*Brief:* Using the listing below, please gather every line containing the word "where".

*Data for review:*
lemma sum_schauder_incr_products:
  "(\<Sum>j<J. schauder_incr th n j * schauder_incr ph n j)
    = (\<Sum>m<n. \<Sum>m'<n. th m * ph m' * (sqrt (2^m) * sqrt (2^m'))
          * (\<Sum>j<J. slope_sign n m j * slope_sign n m' j)) / (2^n * 2^n)"
proof -
  have "(\<Sum>j<J. schauder_incr th n j * schauder_incr ph n j)
      = (\<Sum>j<J. \<Sum>m<n. \<Sum>m'<n. (th m * sqrt (2^m) * slope_sign n m j)
          * (ph m' * sqrt (2^m') * slope_sign n m' j)) / (2^n * 2^n)"
    unfolding schauder_incr_def by (simp add: sum_product sum_divide_distrib)
  then show ?thesis
    by (simp add: sum.swap[of _ "{..<J}"] sum_distrib_left mult_ac)
qed

lemma sum_schauder_incr_products_approx:
  assumes th: "\<And>m. \<bar>th m\<bar> \<le> B" and ph: "\<And>m. \<bar>ph m\<bar> \<le> B"
  shows "\<bar>(\<Sum>j<J. schauder_incr th n j * schauder_incr ph n j)
           - real J / 2^n * ((\<Sum>m<n. th m * ph m * 2^m) / 2^n)\<bar> \<le> B^2 * real n^2 / 2^n"
proof -
  define T where "T m m' = th m * ph m' * (sqrt (2^m) * sqrt (2^m'))
      * (\<Sum>j<J. slope_sign n m j * slope_sign n m' j)" for m m'
  have "0 \<le> B" using th[of 0] by simp
  have diagonal: "T m m = th m * ph m * 2^m * real J" for m
    by (simp add: T_def slope_sign_def power_mult_distrib[symmetric])
  have off_diagonal: "\<bar>T m m'\<bar> \<le> B^2 * 2^n" if "m < n" "m' < n" "m \<noteq> m'" for m m'
  proof -
    have "\<bar>T m m'\<bar> = (\<bar>th m\<bar> * \<bar>ph m'\<bar>) * (\<bar>\<Sum>j<J. slope_sign n m j * slope_sign n m' j\<bar>
        * (sqrt (2^m) * sqrt (2^m')))"
      unfolding T_def by (simp add: abs_mult mult_ac)
    also have "\<dots> \<le> B^2 * 2^n"
      unfolding power2_eq_square using th[of m] ph[of m'] \<open>0 \<le> B\<close>
        abs_cross_sum_slope_sign_le[OF that(3,1,2), of J]
      by (intro mult_mono) auto
    finally show ?thesis .
  qed
  have "(\<Sum>m<n. \<Sum>m'<n. T m m') = (\<Sum>m<n. T m m) + (\<Sum>m<n. \<Sum>m'\<in>{..<n}-{m}. T m m')"
    by (simp add: sum.remove[of "{..<n}"] sum.distrib)
  moreover have "(\<Sum>m<n. T m m) = real J * (\<Sum>m<n. th m * ph m * 2^m)"
    by (simp add: diagonal sum_distrib_left mult_ac)
  ultimately have difference: "(\<Sum>j<J. schauder_incr th n j * schauder_incr ph n j)
      - real J / 2^n * ((\<Sum>m<n. th m * ph m * 2^m) / 2^n)
      = (\<Sum>m<n. \<Sum>m'\<in>{..<n}-{m}. T m m') / (2^n * 2^n)"
    unfolding sum_schauder_incr_products T_def[symmetric] by (simp add: field_simps)
  have off_diagonal_sum:  "\<bar>\<Sum>m<n. \<Sum>m'\<in>{..<n}-{m}. T m m'\<bar> \<le> (\<Sum>m<n. \<Sum>m'<n. B^2 * 2^n)"
  proof -
    have "\<bar>\<Sum>m<n. \<Sum>m'\<in>{..<n}-{m}. T m m'\<bar> \<le> (\<Sum>m<n. \<Sum>m'\<in>{..<n}-{m}. \<bar>T m m'\<bar>)"
      by (rule order_trans[OF sum_abs]) (intro sum_mono sum_abs)
    also have "\<dots> \<le> (\<Sum>m<n. \<Sum>m'\<in>{..<n}-{m}. B^2 * 2^n)"
      using off_diagonal by (intro sum_mono) auto
    also have "\<dots> \<le> (\<Sum>m<n. \<Sum>m'<n. B^2 * 2^n)"
      using \<open>0 \<le> B\<close> by (intro sum_mono sum_mono2) auto
    finally show ?thesis .
  qed
  have "\<bar>\<Sum>m<n. \<Sum>m'\<in>{..<n}-{m}. T m m'\<bar> / (2^n * 2^n) \<le> B^2 * real n^2 * 2^n / (2^n * 2^n)"
    using off_diagonal_sum by (intro divide_right_mono) (auto simp: power2_eq_square mult_ac)
  then show ?thesis unfolding difference by (simp add: abs_divide)
qed

section \<open>Faber-Schauder layers on dyadic grids\<close>

definition dyadic_pt :: "nat \<Rightarrow> nat \<Rightarrow> real" where
  "dyadic_pt n j = real j / 2^n"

*Written response:*
  define T where "T m m' = th m * ph m' * (sqrt (2^m) * sqrt (2^m'))
definition dyadic_pt :: "nat \<Rightarrow> nat \<Rightarrow> real" where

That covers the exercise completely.